Task item – One number is the whole answer: how many lines of the records include "open".

Exercise data –
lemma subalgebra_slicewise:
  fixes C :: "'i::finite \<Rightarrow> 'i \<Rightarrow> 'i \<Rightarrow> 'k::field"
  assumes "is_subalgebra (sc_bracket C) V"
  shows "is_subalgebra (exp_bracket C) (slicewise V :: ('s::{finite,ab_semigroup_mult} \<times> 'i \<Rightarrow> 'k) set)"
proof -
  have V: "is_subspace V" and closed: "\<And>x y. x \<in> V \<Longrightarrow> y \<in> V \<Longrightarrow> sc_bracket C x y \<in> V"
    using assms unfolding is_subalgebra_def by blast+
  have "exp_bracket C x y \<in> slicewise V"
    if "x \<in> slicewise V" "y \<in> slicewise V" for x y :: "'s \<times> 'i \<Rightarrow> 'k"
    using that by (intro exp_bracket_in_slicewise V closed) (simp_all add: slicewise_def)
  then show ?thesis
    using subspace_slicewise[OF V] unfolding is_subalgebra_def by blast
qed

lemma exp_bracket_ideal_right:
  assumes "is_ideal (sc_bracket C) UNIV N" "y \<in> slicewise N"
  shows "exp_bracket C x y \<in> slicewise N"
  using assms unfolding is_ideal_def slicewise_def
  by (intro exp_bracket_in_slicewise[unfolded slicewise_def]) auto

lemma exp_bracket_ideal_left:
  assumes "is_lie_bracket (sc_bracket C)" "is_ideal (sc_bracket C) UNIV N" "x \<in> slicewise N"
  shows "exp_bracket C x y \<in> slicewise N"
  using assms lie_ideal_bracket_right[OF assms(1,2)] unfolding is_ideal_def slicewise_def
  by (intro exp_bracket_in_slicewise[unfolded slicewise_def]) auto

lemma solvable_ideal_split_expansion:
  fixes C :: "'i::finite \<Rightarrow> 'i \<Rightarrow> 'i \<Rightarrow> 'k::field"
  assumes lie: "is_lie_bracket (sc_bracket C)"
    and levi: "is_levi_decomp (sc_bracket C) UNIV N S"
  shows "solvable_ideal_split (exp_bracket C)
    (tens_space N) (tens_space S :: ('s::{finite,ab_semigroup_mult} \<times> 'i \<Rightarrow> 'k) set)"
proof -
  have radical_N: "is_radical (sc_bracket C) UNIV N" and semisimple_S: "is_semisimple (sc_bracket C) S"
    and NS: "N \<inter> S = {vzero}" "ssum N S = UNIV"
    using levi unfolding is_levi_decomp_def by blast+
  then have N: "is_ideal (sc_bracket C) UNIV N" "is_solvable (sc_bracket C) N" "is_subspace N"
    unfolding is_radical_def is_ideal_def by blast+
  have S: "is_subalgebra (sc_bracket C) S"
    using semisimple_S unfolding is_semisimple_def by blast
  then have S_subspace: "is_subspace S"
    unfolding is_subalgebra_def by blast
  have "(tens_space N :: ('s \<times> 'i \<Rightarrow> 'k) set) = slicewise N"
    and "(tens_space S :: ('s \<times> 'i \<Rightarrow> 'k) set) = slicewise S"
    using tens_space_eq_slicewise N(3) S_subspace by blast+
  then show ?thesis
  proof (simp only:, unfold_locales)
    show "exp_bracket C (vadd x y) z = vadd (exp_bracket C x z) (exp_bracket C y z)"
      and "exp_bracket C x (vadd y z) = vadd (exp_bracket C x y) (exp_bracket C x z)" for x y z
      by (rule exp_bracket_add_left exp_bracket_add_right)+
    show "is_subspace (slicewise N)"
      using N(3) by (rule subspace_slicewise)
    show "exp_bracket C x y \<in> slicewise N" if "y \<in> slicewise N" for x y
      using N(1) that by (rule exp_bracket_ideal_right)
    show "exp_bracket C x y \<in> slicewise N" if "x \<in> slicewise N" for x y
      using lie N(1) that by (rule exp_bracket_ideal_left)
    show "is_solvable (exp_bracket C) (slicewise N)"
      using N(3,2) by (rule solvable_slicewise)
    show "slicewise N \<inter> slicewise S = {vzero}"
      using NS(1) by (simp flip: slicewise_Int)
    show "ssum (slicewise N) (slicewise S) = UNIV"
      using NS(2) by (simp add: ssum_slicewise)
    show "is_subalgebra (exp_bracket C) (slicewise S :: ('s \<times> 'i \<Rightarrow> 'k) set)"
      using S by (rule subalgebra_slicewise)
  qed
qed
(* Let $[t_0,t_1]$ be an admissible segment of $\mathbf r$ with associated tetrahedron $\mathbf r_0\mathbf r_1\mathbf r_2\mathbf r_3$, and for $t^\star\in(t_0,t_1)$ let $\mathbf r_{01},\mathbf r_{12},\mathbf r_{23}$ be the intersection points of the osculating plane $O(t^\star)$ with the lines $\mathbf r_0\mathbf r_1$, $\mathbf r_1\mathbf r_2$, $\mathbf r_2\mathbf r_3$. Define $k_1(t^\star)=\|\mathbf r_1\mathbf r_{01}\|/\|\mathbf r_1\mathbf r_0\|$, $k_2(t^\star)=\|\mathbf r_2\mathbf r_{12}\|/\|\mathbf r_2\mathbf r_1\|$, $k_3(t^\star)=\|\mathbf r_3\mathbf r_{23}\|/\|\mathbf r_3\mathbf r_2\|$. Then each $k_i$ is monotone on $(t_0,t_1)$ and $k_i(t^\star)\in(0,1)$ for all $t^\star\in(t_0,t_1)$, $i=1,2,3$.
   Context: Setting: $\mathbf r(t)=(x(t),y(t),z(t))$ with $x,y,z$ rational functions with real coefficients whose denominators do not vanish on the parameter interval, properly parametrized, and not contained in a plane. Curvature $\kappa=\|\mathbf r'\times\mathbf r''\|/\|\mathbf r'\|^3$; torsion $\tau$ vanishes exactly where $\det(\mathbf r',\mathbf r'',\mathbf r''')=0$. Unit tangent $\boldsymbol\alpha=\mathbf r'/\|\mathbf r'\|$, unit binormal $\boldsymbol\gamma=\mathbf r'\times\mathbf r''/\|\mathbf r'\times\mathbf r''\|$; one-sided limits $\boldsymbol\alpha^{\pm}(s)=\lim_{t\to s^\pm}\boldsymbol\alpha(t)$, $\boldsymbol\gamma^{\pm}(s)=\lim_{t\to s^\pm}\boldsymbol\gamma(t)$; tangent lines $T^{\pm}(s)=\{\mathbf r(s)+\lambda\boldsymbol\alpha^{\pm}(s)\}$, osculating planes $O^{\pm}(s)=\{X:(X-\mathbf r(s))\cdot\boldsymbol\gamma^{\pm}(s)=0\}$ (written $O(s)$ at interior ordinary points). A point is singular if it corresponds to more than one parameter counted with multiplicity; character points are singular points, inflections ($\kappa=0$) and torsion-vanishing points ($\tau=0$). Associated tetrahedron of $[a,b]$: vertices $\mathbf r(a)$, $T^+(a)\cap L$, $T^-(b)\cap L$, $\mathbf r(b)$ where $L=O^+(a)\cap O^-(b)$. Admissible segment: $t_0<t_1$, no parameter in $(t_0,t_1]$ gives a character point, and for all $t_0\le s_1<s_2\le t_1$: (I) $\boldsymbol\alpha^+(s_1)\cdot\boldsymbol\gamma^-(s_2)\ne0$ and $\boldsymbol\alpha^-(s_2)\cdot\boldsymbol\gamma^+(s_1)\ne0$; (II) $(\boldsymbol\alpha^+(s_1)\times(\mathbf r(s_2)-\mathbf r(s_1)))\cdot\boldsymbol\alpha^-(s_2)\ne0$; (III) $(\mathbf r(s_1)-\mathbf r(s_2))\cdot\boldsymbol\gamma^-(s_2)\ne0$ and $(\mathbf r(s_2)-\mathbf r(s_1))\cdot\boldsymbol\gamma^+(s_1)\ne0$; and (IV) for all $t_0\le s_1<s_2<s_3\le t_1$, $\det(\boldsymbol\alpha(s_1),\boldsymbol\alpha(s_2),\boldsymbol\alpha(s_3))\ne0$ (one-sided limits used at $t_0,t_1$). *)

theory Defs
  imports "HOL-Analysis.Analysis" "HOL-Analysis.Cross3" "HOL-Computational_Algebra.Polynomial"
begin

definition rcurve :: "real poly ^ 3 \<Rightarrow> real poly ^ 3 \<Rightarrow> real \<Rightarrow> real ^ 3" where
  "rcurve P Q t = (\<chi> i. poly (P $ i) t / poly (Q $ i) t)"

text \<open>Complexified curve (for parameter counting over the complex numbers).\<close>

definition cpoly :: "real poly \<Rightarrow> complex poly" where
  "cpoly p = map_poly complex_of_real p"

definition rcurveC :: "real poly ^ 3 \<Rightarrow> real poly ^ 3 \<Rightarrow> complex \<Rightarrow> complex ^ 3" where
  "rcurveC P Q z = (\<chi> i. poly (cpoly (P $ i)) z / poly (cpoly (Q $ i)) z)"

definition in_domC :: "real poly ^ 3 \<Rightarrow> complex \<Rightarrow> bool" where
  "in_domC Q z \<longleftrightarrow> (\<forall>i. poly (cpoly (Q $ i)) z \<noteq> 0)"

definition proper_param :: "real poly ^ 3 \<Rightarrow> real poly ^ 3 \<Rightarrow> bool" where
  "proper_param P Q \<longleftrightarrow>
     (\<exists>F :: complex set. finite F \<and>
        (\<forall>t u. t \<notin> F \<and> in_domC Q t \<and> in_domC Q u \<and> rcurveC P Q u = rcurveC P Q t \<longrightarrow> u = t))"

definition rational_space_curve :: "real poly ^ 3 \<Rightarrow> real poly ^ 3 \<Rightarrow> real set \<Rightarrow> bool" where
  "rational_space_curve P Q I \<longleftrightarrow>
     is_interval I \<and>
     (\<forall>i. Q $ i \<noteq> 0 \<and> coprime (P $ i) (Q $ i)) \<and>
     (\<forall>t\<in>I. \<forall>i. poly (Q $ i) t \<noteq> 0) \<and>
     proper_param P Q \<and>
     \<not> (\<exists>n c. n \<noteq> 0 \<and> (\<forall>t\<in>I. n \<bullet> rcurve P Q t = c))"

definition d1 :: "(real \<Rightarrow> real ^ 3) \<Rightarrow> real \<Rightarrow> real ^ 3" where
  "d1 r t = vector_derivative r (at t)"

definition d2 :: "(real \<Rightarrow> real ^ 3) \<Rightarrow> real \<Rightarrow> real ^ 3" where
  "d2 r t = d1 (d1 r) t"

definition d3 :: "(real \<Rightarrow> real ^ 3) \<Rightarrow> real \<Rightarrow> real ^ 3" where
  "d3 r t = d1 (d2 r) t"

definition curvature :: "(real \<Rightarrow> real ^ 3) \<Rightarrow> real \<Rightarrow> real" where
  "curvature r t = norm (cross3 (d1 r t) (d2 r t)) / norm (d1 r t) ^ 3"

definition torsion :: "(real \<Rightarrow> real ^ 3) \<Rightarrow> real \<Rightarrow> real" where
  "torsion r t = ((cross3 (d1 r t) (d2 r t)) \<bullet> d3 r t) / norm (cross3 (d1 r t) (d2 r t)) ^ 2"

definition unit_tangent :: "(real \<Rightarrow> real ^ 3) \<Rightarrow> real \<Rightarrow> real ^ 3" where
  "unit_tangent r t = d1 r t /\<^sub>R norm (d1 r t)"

==

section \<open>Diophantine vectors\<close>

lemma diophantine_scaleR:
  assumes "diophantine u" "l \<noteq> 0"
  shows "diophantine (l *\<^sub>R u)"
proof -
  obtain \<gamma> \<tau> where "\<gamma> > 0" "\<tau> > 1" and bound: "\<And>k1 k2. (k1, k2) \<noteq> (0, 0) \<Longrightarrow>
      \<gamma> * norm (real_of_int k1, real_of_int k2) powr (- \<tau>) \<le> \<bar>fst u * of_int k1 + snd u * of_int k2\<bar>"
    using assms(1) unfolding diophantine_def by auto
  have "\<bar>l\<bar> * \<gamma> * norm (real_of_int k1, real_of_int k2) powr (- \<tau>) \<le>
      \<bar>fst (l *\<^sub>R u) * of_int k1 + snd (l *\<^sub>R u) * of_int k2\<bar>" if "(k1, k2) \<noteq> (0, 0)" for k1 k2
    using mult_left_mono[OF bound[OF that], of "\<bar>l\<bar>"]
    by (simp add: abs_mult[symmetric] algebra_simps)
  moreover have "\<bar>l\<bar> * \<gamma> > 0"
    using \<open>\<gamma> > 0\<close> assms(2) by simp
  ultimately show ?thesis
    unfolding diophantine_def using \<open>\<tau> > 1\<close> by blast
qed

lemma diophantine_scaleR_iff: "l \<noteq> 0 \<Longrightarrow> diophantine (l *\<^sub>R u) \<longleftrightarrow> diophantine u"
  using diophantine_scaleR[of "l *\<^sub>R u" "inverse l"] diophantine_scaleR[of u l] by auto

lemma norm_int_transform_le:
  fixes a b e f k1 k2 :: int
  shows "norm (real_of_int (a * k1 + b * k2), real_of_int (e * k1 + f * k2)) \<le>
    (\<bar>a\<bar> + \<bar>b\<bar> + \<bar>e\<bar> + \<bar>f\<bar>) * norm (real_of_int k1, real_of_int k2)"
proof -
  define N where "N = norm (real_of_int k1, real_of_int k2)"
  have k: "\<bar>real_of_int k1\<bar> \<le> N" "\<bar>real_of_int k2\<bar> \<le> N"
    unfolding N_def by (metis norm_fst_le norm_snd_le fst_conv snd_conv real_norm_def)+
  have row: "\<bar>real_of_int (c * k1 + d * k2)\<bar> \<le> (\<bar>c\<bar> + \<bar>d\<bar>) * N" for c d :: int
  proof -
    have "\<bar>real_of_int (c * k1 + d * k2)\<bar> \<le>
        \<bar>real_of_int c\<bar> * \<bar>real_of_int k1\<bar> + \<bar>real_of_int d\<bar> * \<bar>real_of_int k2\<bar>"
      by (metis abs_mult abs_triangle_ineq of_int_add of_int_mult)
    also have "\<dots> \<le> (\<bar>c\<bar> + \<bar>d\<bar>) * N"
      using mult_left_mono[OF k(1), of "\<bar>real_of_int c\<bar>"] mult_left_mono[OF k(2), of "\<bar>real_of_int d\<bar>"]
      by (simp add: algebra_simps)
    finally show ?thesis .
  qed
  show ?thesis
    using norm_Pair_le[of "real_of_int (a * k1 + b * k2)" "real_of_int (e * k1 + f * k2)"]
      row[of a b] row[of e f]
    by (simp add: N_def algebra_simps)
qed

Answer section – 4